INSTRUCTIONS FOR THE TASK: Print the lines that run from the line with "(1 / x) p = - theta" to the line with "x \<noteq> p", keeping both end lines, exactly as they appear in the entries below, and nothing else.

▽

(* Let $|p|<1$, $|P|<1$, let $n\ge0$ be an integer, and let $a,b,c,d,q,r,s,t$ and $A,B,C,D,Q,R,S,T$ be nonzero complex numbers such that all expressions below are well defined. For a tuple $\pi=(a,b,c,d;q,r,s,t;p)$ define, for integers $k\ge0$, \begin{align*} \lambda_k(\pi)&=\frac{\theta\big(ad(rst/q)^k,\,br^k/(dq^k),\,cs^k/(dq^k),\,adt^k/(bcq^k);p\big)}{\theta\big(ad,\,b/d,\,c/d,\,ad/(bc);p\big)}\\ &\quad\times\frac{(a;rst/q^2,p)_k(b;r,p)_k(c;s,p)_k(ad^2/(bc);t,p)_k}{(dq;q,p)_k(adst/(bq);st/q,p)_k(adrt/(cq);rt/q,p)_k(bcrs/(dq);rs/q,p)_k}\,q^k,\\ \Phi_n(\pi)&=\frac{(arst/q^2;rst/q^2,p)_n(br;r,p)_n(cs;s,p)_n(ad^2t/(bc);t,p)_n}{(dq;q,p)_n(adst/(bq);st/q,p)_n(adrt/(cq);rt/q,p)_n(bcrs/(dq);rs/q,p)_n},\\ G_{n,k}(\pi)&=\frac{\theta(a,b,c,ad^2/(bc);p)}{d\,\theta(ad,b/d,c/d,ad/(bc);p)}\cdot\frac{(q^{-n}/d;q,p)_k\,(b(q/st)^n/(ad);st/q,p)_k}{((q^2/rst)^n/a;rst/q^2,p)_k\,(r^{-n}/b;r,p)_k}\\ &\qquad\times\frac{(c(q/rt)^n/(ad);rt/q,p)_k\,(d(q/rs)^n/(bc);rs/q,p)_k}{(s^{-n}/c;s,p)_k\,(bct^{-n}/(ad^2);t,p)_k} -\frac{\theta(d,ad/b,ad/c,bc/d;p)}{d\,\theta(ad,b/d,c/d,ad/(bc);p)}\cdot\frac{1}{\Phi_n(\pi)}. \end{align*} With $\pi=(a,b,c,d;q,r,s,t;p)$ and $\Pi=(A,B,C,D;Q,R,S,T;P)$, $$\sum_{k=0}^n\lambda_k(\pi)\,G_{n,k}(\Pi)=\frac{\Phi_n(\pi)}{\Phi_n(\Pi)}\sum_{k=0}^n\lambda_k(\Pi)\,G_{n,k}(\pi).$$
   Context: For $|p|<1$ and $x\neq 0$, $\theta(x;p)=(x;p)_\infty(p/x;p)_\infty$ where $(x;p)_\infty=\prod_{k\ge 0}(1-xp^k)$, and $\theta(x_1,\dots,x_m;p)=\prod_{i=1}^m\theta(x_i;p)$. For $a\ne0$ and integer $k\ge0$, $(a;q,p)_k=\prod_{j=0}^{k-1}\theta(aq^j;p)$ (empty product $=1$). In $\lambda_k(\Pi),\Phi_n(\Pi),G_{n,k}(\Pi)$ every lowercase letter is replaced by the corresponding uppercase letter (including the nome $p\mapsto P$ and base $q\mapsto Q$). Notation such as $(q/st)^n$ means $(q/(st))^n$. *)

theory Defs
  imports "HOL-Analysis.Analysis"
begin

definition qpinf :: "complex \<Rightarrow> complex \<Rightarrow> complex" where
  "qpinf x p = (\<Prod>k. 1 - x  *  p ^ k)"

definition theta :: "complex \<Rightarrow> complex \<Rightarrow> complex" where
  "theta x p = qpinf x p  *  qpinf (p / x) p"

definition epoch :: "complex \<Rightarrow> complex \<Rightarrow> complex \<Rightarrow> nat \<Rightarrow> complex" where
  "epoch a q p k = (\<Prod>j<k. theta (a  *  q ^ j) p)"

definition lam :: "complex \<Rightarrow> complex \<Rightarrow> complex \<Rightarrow> complex \<Rightarrow> complex \<Rightarrow> complex
    \<Rightarrow> complex \<Rightarrow> complex \<Rightarrow> complex \<Rightarrow> nat \<Rightarrow> complex" where
  "lam a b c d q r s t p k =
     (theta (a * d * (r * s * t/q)^k) p  *  theta (b * r^k/(d * q^k)) p  *  theta (c * s^k/(d * q^k)) p
         *  theta (a * d * t^k/(b * c * q^k)) p)
     / (theta (a * d) p  *  theta (b/d) p  *  theta (c/d) p  *  theta (a * d/(b * c)) p)
      *  ((epoch a (r * s * t/q^2) p k  *  epoch b r p k  *  epoch c s p k  *  epoch (a * d^2/(b * c)) t p k)
     / (epoch (d * q) q p k  *  epoch (a * d * s * t/(b * q)) (s * t/q) p k  *  epoch (a * d * r * t/(c * q)) (r * t/q) p k
         *  epoch (b * c * r * s/(d * q)) (r * s/q) p k))
      *  q ^ k"

definition Phi :: "complex \<Rightarrow> complex \<Rightarrow> complex \<Rightarrow> complex \<Rightarrow> complex \<Rightarrow> complex
    \<Rightarrow> complex \<Rightarrow> complex \<Rightarrow> complex \<Rightarrow> nat \<Rightarrow> complex" where
  "Phi a b c d q r s t p n =
     (epoch (a * r * s * t/q^2) (r * s * t/q^2) p n  *  epoch (b * r) r p n  *  epoch (c * s) s p n
         *  epoch (a * d^2 * t/(b * c)) t p n)
     / (epoch (d * q) q p n  *  epoch (a * d * s * t/(b * q)) (s * t/q) p n  *  epoch (a * d * r * t/(c * q)) (r * t/q) p n
         *  epoch (b * c * r * s/(d * q)) (r * s/q) p n)"

definition G :: "complex \<Rightarrow> complex \<Rightarrow> complex \<Rightarrow> complex \<Rightarrow> complex \<Rightarrow> complex
    \<Rightarrow> complex \<Rightarrow> complex \<Rightarrow> complex \<Rightarrow> nat \<Rightarrow> nat \<Rightarrow> complex" where
  "G a b c d q r s t p n k =
     (theta a p  *  theta b p  *  theta c p  *  theta (a * d^2/(b * c)) p)
       / (d  *  (theta (a * d) p  *  theta (b/d) p  *  theta (c/d) p  *  theta (a * d/(b * c)) p))
      *  ((epoch (1/(q^n * d)) q p k  *  epoch (b * (q/(s * t))^n/(a * d)) (s * t/q) p k)
        / (epoch ((q^2/(r * s * t))^n/a) (r * s * t/q^2) p k  *  epoch (1/(r^n * b)) r p k))
      *  ((epoch (c * (q/(r * t))^n/(a * d)) (r * t/q) p k  *  epoch (d * (q/(r * s))^n/(b * c)) (r * s/q) p k)
        / (epoch (1/(s^n * c)) s p k  *  epoch (b * c/(t^n * a * d^2)) t p k))
     - (theta d p  *  theta (a * d/b) p  *  theta (a * d/c) p  *  theta (b * c/d) p)
       / (d  *  (theta (a * d) p  *  theta (b/d) p  *  theta (c/d) p  *  theta (a * d/(b * c)) p))
      *  (1 / Phi a b c d q r s t p n)"

text \<open>"All expressions are well defined": parameters nonzero, |p|<1, and every
  denominator occurring in lam_k (k \<le> n), Phi_n, 1/Phi_n and G_{n,k} (k \<le> n) is nonzero.
  Since (x;q,p)_k divides (x;q,p)_n for k \<le> n, it suffices to require this at k = n.\<close>
definition well_defined :: "complex \<Rightarrow> complex \<Rightarrow> complex \<Rightarrow> complex \<Rightarrow> complex \<Rightarrow> complex
    \<Rightarrow> complex \<Rightarrow> complex \<Rightarrow> complex \<Rightarrow> nat \<Rightarrow> bool" where
  "well_defined a b c d q r s t p n \<longleftrightarrow>
     norm p < 1 \<and>
     a \<noteq> 0 \<and> b \<noteq> 0 \<and> c \<noteq> 0 \<and> d \<noteq> 0 \<and> q \<noteq> 0 \<and> r \<noteq> 0 \<and> s \<noteq> 0 \<and> t \<noteq> 0 \<and>
     theta (a * d) p  *  theta (b/d) p  *  theta (c/d) p  *  theta (a * d/(b * c)) p \<noteq> 0 \<and>
     epoch (d * q) q p n  *  epoch (a * d * s * t/(b * q)) (s * t/q) p n  *  epoch (a * d * r * t/(c * q)) (r * t/q) p n
         *  epoch (b * c * r * s/(d * q)) (r * s/q) p n \<noteq> 0 \<and>
     epoch (a * r * s * t/q^2) (r * s * t/q^2) p n  *  epoch (b * r) r p n  *  epoch (c * s) s p n
         *  epoch (a * d^2 * t/(b * c)) t p n \<noteq> 0 \<and>
     epoch ((q^2/(r * s * t))^n/a) (r * s * t/q^2) p n  *  epoch (1/(r^n * b)) r p n \<noteq> 0 \<and>
     epoch (1/(s^n * c)) s p n  *  epoch (b * c/(t^n * a * d^2)) t p n \<noteq> 0"

end

theory Submission
  imports Defs "HOL-Complex_Analysis.Complex_Analysis"
begin

(*
  Everything rests on Weierstrass' addition formula
    theta(a,b,c,a d^2/(b c)) - theta(d,a d/b,a d/c,b c/d) = d theta(a d,b/d,c/d,a d/(b c)).
  As functions of a, the difference of its two sides and theta(a, a d^2/(b c)) pick up the same
  factor under a -> p a, so their quotient is invariant under multiplication by p.  The difference
  vanishes at the two zeros a = 1 and a = b c/d^2 of the denominator, so the quotient is holomorphic
  on C - {0}; bounded on a fundamental annulus, it is constant by Liouville, and it vanishes at
  a = b/d.  Non-generic parameters follow by continuity.

  Applied to the parameters shifted k times, the addition formula makes lambda_k telescope:
  lambda_(k+1) = alpha (Phi_(k+1) - Phi_k) and lambda_0 = 1 = alpha - beta, where alpha and beta are
  the two theta quotients in G_(n,k); hence sum_(j<=m) lambda_j = alpha Phi_m - beta.  Reversing the
  last k factors of each (x;q,p)_n turns G_(n,k) into (alpha Phi_(n-k) - beta)/Phi_n, that is
  Phi_n^-1 sum_(j<=n-k) lambda_j.  Both sides of the identity are therefore equal to
  Phi_n(Pi)^-1 sum_(i+j<=n) lambda_i(pi) lambda_j(Pi).
*)

section \<open>The theta function\<close>

lemma convergent_prod_qpinf:
  fixes x p :: complex
  assumes "norm p < 1"
  shows "convergent_prod (\<lambda>k. 1 - x * p ^ k)"
proof (rule abs_convergent_prod_imp_convergent_prod, rule summable_imp_abs_convergent_prod)
  show "summable (\<lambda>k. norm (1 - x * p ^ k - 1))"
    using assms by (simp add: norm_mult norm_power summable_mult summable_geometric)
qed

lemma qpinf_eq_0_iff:
  fixes x p :: complex
  assumes "norm p < 1"
  shows "qpinf x p = 0 \<longleftrightarrow> (\<exists>k. x * p ^ k = 1)"
proof -
  have "(\<lambda>k. 1 - x * p ^ k) has_prod qpinf x p"
    unfolding qpinf_def by (rule convergent_prod_has_prod[OF convergent_prod_qpinf[OF assms]])
  from has_prod_eq_0_iff[OF this] show ?thesis
    by (auto simp: image_iff eq_commute[of 0] right_minus_eq)
qed

lemma qpinf_nonzero:
  fixes x p :: complex
  assumes "norm x < 1" "norm p < 1"
  shows "qpinf x p \<noteq> 0"
proof -
  have "norm (x * p ^ k) \<le> norm x" for k
    using assms(2) by (simp add: norm_mult norm_power mult_left_le power_le_one)
  then have "x * p ^ k \<noteq> 1" for k
    using assms(1) by (metis norm_one not_le)
  then show ?thesis
    using qpinf_eq_0_iff[OF assms(2), of x] by blast
qed

lemma qpinf_shift:
  fixes x p :: complex
  assumes "norm p < 1"
  shows "qpinf x p = (1 - x) * qpinf (p * x) p"
proof (cases "x = 1")
  case True
  then have "qpinf x p = 0"
    using qpinf_eq_0_iff[OF assms, of x] by (metis mult_1_right power_0)
  with True show ?thesis
    by simp
next
  case False
  have "qpinf (p * x) p = (\<Prod>k. (\<lambda>k. 1 - x * p ^ k) (Suc k))"
    unfolding qpinf_def by (simp add: mult_ac)
  also have "\<dots> = qpinf x p / (1 - x)"
    unfolding qpinf_def using False by (subst prodinf_split_head[OF convergent_prod_qpinf[OF assms]]) auto
  finally show ?thesis
    using False by simp
qed

lemma qpinf_nome_0: "qpinf x 0 = 1 - x"
proof -
  have "qpinf x 0 = (\<Prod>k\<in>{0}. 1 - x * 0 ^ k)"
    unfolding qpinf_def by (rule prodinf_finite) auto
  then show ?thesis
    by simp
qed

lemma theta_nome_0: "theta x 0 = 1 - x"
  unfolding theta_def qpinf_nome_0 by simp

lemma theta_eq_factor:
  assumes "norm p < 1"
  shows "theta x p = (1 - x) * (qpinf (p * x) p * qpinf (p / x) p)"
  unfolding theta_def using qpinf_shift[OF assms, of x] by simp

lemma theta_1:
  assumes "norm p < 1"
  shows "theta 1 p = 0"
  using theta_eq_factor[OF assms, of 1] by simp

lemma theta_inverse:
  fixes x p :: complex
  assumes "norm p < 1" "x \<noteq> 0"
  shows "theta (1 / x) p = - theta x p / x"
proof -
  have "theta (1 / x) p = (1 - 1 / x) * qpinf (p / x) p * qpinf (p * x) p"
    unfolding theta_def using qpinf_shift[OF assms(1), of "1 / x"] by simp
  also have "\<dots> = - theta x p / x"
    unfolding theta_eq_factor[OF assms(1)] using assms(2) by (simp add: field_simps)
  finally show ?thesis .
qed

lemma theta_mult_nome:
  fixes x p :: complex
  assumes "norm p < 1" "p \<noteq> 0" "x \<noteq> 0"
  shows "theta (p * x) p = - theta x p / x"
proof -
  have "theta (p * x) p = theta (1 / x) p"
    unfolding theta_def using assms by (simp add: mult.commute)
  then show ?thesis
    using theta_inverse[OF assms(1,3)] by simp
qed

lemma theta_eq_0_imp_power_int:
  fixes x p :: complex
  assumes "norm p < 1" "x \<noteq> 0" "theta x p = 0"
  shows "\<exists>k::int. x = p powi k"
proof -
  from assms(3) have "qpinf x p = 0 \<or> qpinf (p / x) p = 0"
    unfolding theta_def by simp
  then consider k where "x * p ^ k = 1" | k where "p / x * p ^ k = 1"
    using qpinf_eq_0_iff[OF assms(1)] by blast
  then show ?thesis
  proof cases
    case (1 k)
    then have "p \<noteq> 0 \<or> k = 0"
      by (cases k) auto
    with 1 have "x = p powi (- int k)"
      by (auto simp: power_int_minus field_simps)
    then show ?thesis ..
  next
    case (2 k)
    then have "x = p ^ Suc k"
      using assms(2) by (simp add: field_simps)
    then have "x = p powi int (Suc k)"
      by (simp only: power_int_of_nat)
    then show ?thesis ..
  qed
qed

lemma theta_nonzero:
  fixes x p :: complex
  assumes "norm p < 1" "x \<noteq> 0" "\<And>k::int. x \<noteq> p powi k"
  shows "theta x p \<noteq> 0"
  using theta_eq_0_imp_power_int[OF assms(1,2)] assms(3) by blast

△

OUTPUT FOR THIS TASK:
  shows "theta (1 / x) p = - theta x p / x"
proof -
  have "theta (1 / x) p = (1 - 1 / x) * qpinf (p / x) p * qpinf (p * x) p"
    unfolding theta_def using qpinf_shift[OF assms(1), of "1 / x"] by simp
  also have "\<dots> = - theta x p / x"
    unfolding theta_eq_factor[OF assms(1)] using assms(2) by (simp add: field_simps)
  finally show ?thesis .
qed

lemma theta_mult_nome:
  fixes x p :: complex
  assumes "norm p < 1" "p \<noteq> 0" "x \<noteq> 0"
  shows "theta (p * x) p = - theta x p / x"
proof -
  have "theta (p * x) p = theta (1 / x) p"
    unfolding theta_def using assms by (simp add: mult.commute)
  then show ?thesis
    using theta_inverse[OF assms(1,3)] by simp
qed

lemma theta_eq_0_imp_power_int:
  fixes x p :: complex
  assumes "norm p < 1" "x \<noteq> 0" "theta x p = 0"
  shows "\<exists>k::int. x = p powi k"
proof -
  from assms(3) have "qpinf x p = 0 \<or> qpinf (p / x) p = 0"
    unfolding theta_def by simp
  then consider k where "x * p ^ k = 1" | k where "p / x * p ^ k = 1"
    using qpinf_eq_0_iff[OF assms(1)] by blast
  then show ?thesis
  proof cases
    case (1 k)
    then have "p \<noteq> 0 \<or> k = 0"
      by (cases k) auto
    with 1 have "x = p powi (- int k)"
      by (auto simp: power_int_minus field_simps)
    then show ?thesis ..
  next
    case (2 k)
    then have "x = p ^ Suc k"
      using assms(2) by (simp add: field_simps)
    then have "x = p powi int (Suc k)"
      by (simp only: power_int_of_nat)
    then show ?thesis ..
  qed
qed

lemma theta_nonzero:
  fixes x p :: complex
  assumes "norm p < 1" "x \<noteq> 0" "\<And>k::int. x \<noteq> p powi k"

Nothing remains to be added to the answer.